Thankfully, he had dealt with this issue before.
“You’re getting older now, Alex,” he told me one evening after he’d seen a random performance. “We should change the way you do some of the scenes. I’m going to have you work with Mark on aging up the part.”
I thought Mark Schneider, the new resident director, would just give me new directions, but instead, he helped me figure out what it meant to portray Billy as a twelve- or thirteen-year-old instead of an eleven-year-old. It was this kind of attention to detail that made Billy Elliot the huge Broadway hit it became.
“It’s all about the intention,” Mark told me. “You know how to play Billy at eleven. Now just be the same kid two years later.”
This changed the show in subtle but powerful ways. For instance, there’s a scene where Billy yells at Mrs. Wilkinson, his dance teacher. Always before, I’d done it like a kid throwing a temper tantrum, but Mark had me tone down the performance so I sounded more like an adult having an argument. It made the show more complex, and deeper emotionally.
Little changes like that helped me continue to fit the part even though I was entering puberty. They also helped keep up my interest. Sometimes, though, I tried to change things on my own, and that never worked out well.

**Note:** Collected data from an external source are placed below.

(* Let F be the field with q^t elements and N = {a. N(a) = 1} its norm-1 group, which is
   the group of roots of unity of order S = 1 + q + ... + q^(t-1) = (q^t - 1)/(q - 1).
   The arithmetic core (mult_hom_image_norm1) is: every multiplicative map on F* with
   kernel F_q* has image exactly N.  Indeed the image has (q^t - 1)/(q - 1) = S elements
   (F_q* has q - 1 elements, card_subF_units), so by Lagrange it consists of roots of
   unity of order S, and there are at most S of those.  This applies to x |-> x^(q-1)
   and to l |-> l^tau / l (a form of Hilbert 90).

   Geometrically, a projectivity sending the transversal points <w>, <v> to <(1,0)>,
   <(0,1)> and absorbing rho maps <l w + rho l^tau v> to <(l, l^tau)> = <(1, l^tau / l)>;
   likewise <(x, x^q)> = <(1, x^(q-1))>.  So both the given pseudoregulus and the set
   {<(x, x^q)>} are mapped onto {<(1, a)> | a in N} (pseudoregulus_normal_form,
   frobenius_points), and composing one such projectivity with the adjugate of another
   gives the projective equivalence of any two pseudoreguli. *)

lemma card_roots_of_unity_le:
  assumes "n \<ge> 1"
  shows "card {x :: 'a::field. x ^ n = 1} \<le> n"
proof -
  define p :: "'a poly" where "p = monom 1 n - 1"
  have "degree (- 1 :: 'a poly) < degree (monom (1::'a) n)"
    using assms by (simp add: degree_monom_eq)
  moreover have "p = monom 1 n + (- 1)" by (simp add: p_def)
  ultimately have deg: "degree p = n"
    by (metis degree_add_eq_left degree_monom_eq one_neq_zero)
  have "p \<noteq> 0" using deg assms by auto
  moreover have "{x. x ^ n = 1} = {x. poly p x = 0}" by (auto simp: p_def poly_monom)
  ultimately show ?thesis using card_poly_roots_bound[of p] deg by simp
qed

lemma power_card_eq_one:
  fixes H :: "'a::field set"
  assumes fin: "finite H" and nz: "0 \<notin> H" and h: "h \<in> H"
    and closed: "\<And>g. g \<in> H \<Longrightarrow> h * g \<in> H"
  shows "h ^ card H = 1"
proof -
  have inj: "inj_on ((*) h) H" using h nz by (auto simp: inj_on_def)
  have "(*) h ` H = H"
    using card_subset_eq[OF fin] closed card_image[OF inj] by blast
  then have "prod id H = prod ((*) h) H" using prod.reindex[OF inj] by simp
  also have "\<dots> = h ^ card H * prod id H" by (simp add: prod.distrib)
  finally have "prod id H * 1 = prod id H * h ^ card H" by simp
  moreover have "prod id H \<noteq> 0" using fin nz by simp
  ultimately show ?thesis by (metis mult_left_cancel)
qed

text \<open>For a multiplicative map on the nonzero elements of a finite field, all fibres have the
  size of the kernel, so the group of units splits as image times kernel.\<close>
lemma card_units_image_kernel:
  fixes f :: "'a::{field,finite} \<Rightarrow> 'a"
  assumes mult: "\<And>x y. x \<noteq> 0 \<Longrightarrow> y \<noteq> 0 \<Longrightarrow> f (x * y) = f x * f y"
    and nz: "\<And>x. x \<noteq> 0 \<Longrightarrow> f x \<noteq> 0"
  shows "card (UNIV - {0::'a}) = card (f ` (UNIV - {0})) * card {x. x \<noteq> 0 \<and> f x = 1}"
proof -
  let ?K = "{x. x \<noteq> 0 \<and> f x = 1}"
  let ?fibre = "\<lambda>y. {x. x \<noteq> 0 \<and> f x = y}"
  have fibre: "?fibre (f x0) = (*) x0 ` ?K" if x0: "x0 \<noteq> 0" for x0
  proof (intro equalityI subsetI)
    fix x assume "x \<in> ?fibre (f x0)"
    then have x: "x \<noteq> 0" "f x0 * f (x / x0) = f x0" using mult[of x0 "x / x0"] x0 by auto
    then have "x / x0 \<in> ?K" using x0 nz[OF x0] by simp
    moreover have "x = x0 * (x / x0)" using x0 by simp
    ultimately show "x \<in> (*) x0 ` ?K" by blast
  next
    fix x assume "x \<in> (*) x0 ` ?K"
    then show "x \<in> ?fibre (f x0)" using x0 mult by auto
  qed
  have "card (UNIV - {0::'a}) = card (\<Union> (?fibre ` f ` (UNIV - {0})))"
    by (rule arg_cong[where f = card]) auto
  also have "\<dots> = (\<Sum>y\<in>f ` (UNIV - {0}). card (?fibre y))" by (rule card_UN_disjoint) auto
  also have "\<dots> = (\<Sum>y\<in>f ` (UNIV - {0}). card ?K)"
  proof (rule sum.cong)
    fix y assume "y \<in> f ` (UNIV - {0})"
    then obtain x0 where "x0 \<noteq> 0" "y = f x0" by auto
    moreover have "inj_on ((*) x0) ?K" using \<open>x0 \<noteq> 0\<close> by (auto simp: inj_on_def)
    ultimately show "card (?fibre y) = card ?K" using fibre by (simp add: card_image)
  qed simp
  finally show ?thesis by simp
qed

lemma geometric_sum_nat:
  assumes "(q::nat) \<ge> 1"
  shows "(\<Sum>i<t. q ^ i) * (q - 1) = q ^ t - 1"
proof (induction t)
  case (Suc t)
  have "(\<Sum>i<Suc t. q ^ i) * (q - 1) = q ^ t - 1 + q ^ t * (q - 1)"
    using Suc by (simp add: algebra_simps)
  also have "\<dots> = q ^ Suc t - 1" using assms by (simp add: algebra_simps diff_mult_distrib2)
  finally show ?case .
qed simp

lemma sum_powers_ge_1:
  assumes "t \<ge> 1"
  shows "(\<Sum>i<t. (q::nat) ^ i) \<ge> 1"
  using member_le_sum[of 0 "{..<t}" "(^) q"] assms by simp

lemma field_card_base_ge_2:
  assumes card: "card (UNIV :: 'a::{field,finite} set) = q ^ t" and t: "t \<ge> 1"
  shows "q \<ge> 2"
proof (rule ccontr)
  assume "\<not> q \<ge> 2"
  then have "q = 0 \<or> q = 1" by auto
  then have "card (UNIV :: 'a set) \<le> 1" using card t by (auto simp: zero_power)
  moreover have "card {0::'a, 1} \<le> card (UNIV :: 'a set)" by (rule card_mono) auto
  ultimately show False by simp
qed

lemma card_units:
  assumes card: "card (UNIV :: 'a::{field,finite} set) = q ^ t" and t: "t \<ge> 1"
  shows "card (UNIV - {0::'a}) = (\<Sum>i<t. q ^ i) * (q - 1)"
  using card geometric_sum_nat[of q t] field_card_base_ge_2[OF card t]
  by (simp add: card_Diff_singleton)

text \<open>The elements of norm 1 over \<open>F_q\<close>.  Since \<open>N(a) = a ^ (1 + q + ... + q^(t-1))\<close>, they are
  the roots of unity of that order.\<close>
definition norm1 :: "nat \<Rightarrow> nat \<Rightarrow> 'a::field set" where
  "norm1 q t = {a. a \<noteq> 0 \<and> normF q t a = 1}"

lemma norm1_eq_roots:
  assumes "t \<ge> 1"
  shows "norm1 q t = {a :: 'a::field. a ^ (\<Sum>i<t. q ^ i) = 1}"
proof -
  have "(\<Sum>i<t. q ^ i) \<noteq> 0" using sum_powers_ge_1[OF assms, of q] by linarith
  then have "a \<noteq> 0" if "a ^ (\<Sum>i<t. q ^ i) = 1" for a :: 'a
    using that by (metis power_0_left zero_neq_one)
  then show ?thesis unfolding norm1_def normF_def by (auto simp: power_sum)
qed

lemma card_norm1_le:
  assumes "t \<ge> 1"
  shows "card (norm1 q t :: 'a::field set) \<le> (\<Sum>i<t. q ^ i)"
  unfolding norm1_eq_roots[OF assms] by (intro card_roots_of_unity_le sum_powers_ge_1 assms)

lemma power_map_kernel:
  assumes "q \<ge> 1"
  shows "{x :: 'a::field. x \<noteq> 0 \<and> x ^ (q - 1) = 1} = subF q - {0}"
proof -
  have "x ^ q = x * x ^ (q - 1)" for x :: 'a using assms by (cases q) auto
  then show ?thesis unfolding subF_def by auto
qed

text \<open>The upper bound holds since they are
  roots of \<open>x ^ (q - 1) = 1\<close>; the lower bound since \<open>x \<mapsto> x ^ (q - 1)\<close> has kernel
  \<open>F_q\<^sup>*\<close> and lands in the norm-1 group, which has at most \<open>(q ^ t - 1) / (q - 1)\<close> elements.\<close>
lemma card_subF_units:
  assumes card: "card (UNIV :: 'a::{field,finite} set) = q ^ t" and t: "t \<ge> 1"
  shows "card (subF q - {0::'a}) = q - 1"
proof -
  define S where "S = (\<Sum>i<t. q ^ i)"
  let ?s = "\<lambda>x::'a. x ^ (q - 1)"
  have q2: "q \<ge> 2" using field_card_base_ge_2[OF card t] .
  have units: "card (UNIV - {0::'a}) = S * (q - 1)" using card_units[OF card t] by (simp add: S_def)
  have ker: "{x. x \<noteq> 0 \<and> ?s x = 1} = subF q - {0}" using power_map_kernel[of q] q2 by simp
  have upper: "card (subF q - {0::'a}) \<le> q - 1"
  proof -
    have "card (subF q - {0::'a}) \<le> card {x::'a. x ^ (q - 1) = 1}"
      by (rule card_mono) (use ker in auto)
    also have "\<dots> \<le> q - 1" by (rule card_roots_of_unity_le) (use q2 in simp)
    finally show ?thesis .
  qed
  have "?s ` (UNIV - {0}) \<subseteq> norm1 q t"
  proof
    fix a assume "a \<in> ?s ` (UNIV - {0})"
    then obtain x where x: "x \<noteq> 0" "a = x ^ (q - 1)" by auto
    have "x ^ card (UNIV - {0::'a}) = 1"
      by (rule power_card_eq_one) (use x in auto)
    then have "a ^ S = 1" using x units by (simp add: power_mult[symmetric] mult.commute)
    then show "a \<in> norm1 q t" unfolding norm1_eq_roots[OF t] S_def by simp
  qed
  then have "card (?s ` (UNIV - {0})) \<le> card (norm1 q t :: 'a set)" by (intro card_mono) simp_all
  also have "\<dots> \<le> S" unfolding S_def by (rule card_norm1_le[OF t])
  finally have img: "card (?s ` (UNIV - {0})) \<le> S" .
  have "S * (q - 1) = card (?s ` (UNIV - {0})) * card (subF q - {0::'a})"
    using card_units_image_kernel[of ?s] ker units by (simp add: power_mult_distrib)
  also have "\<dots> \<le> S * card (subF q - {0::'a})" using img by (rule mult_le_mono1)
  finally have "S * (q - 1) \<le> S * card (subF q - {0::'a})" .
  moreover have "S \<ge> 1" unfolding S_def by (rule sum_powers_ge_1[OF t])
  ultimately show ?thesis using upper by simp
qed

The truth was, I was beginning to worry about my voice. Every singer cracks occasionally, even on Broadway, but soon after the White House event, I started breaking more and more. Some of the big, exciting numbers at the end of Act II were slowly slipping out of my range. David Chase, the show’s musical director, rewrote them one by one, bringing down notes, modifying sections, and in some cases, changing the key of the song entirely.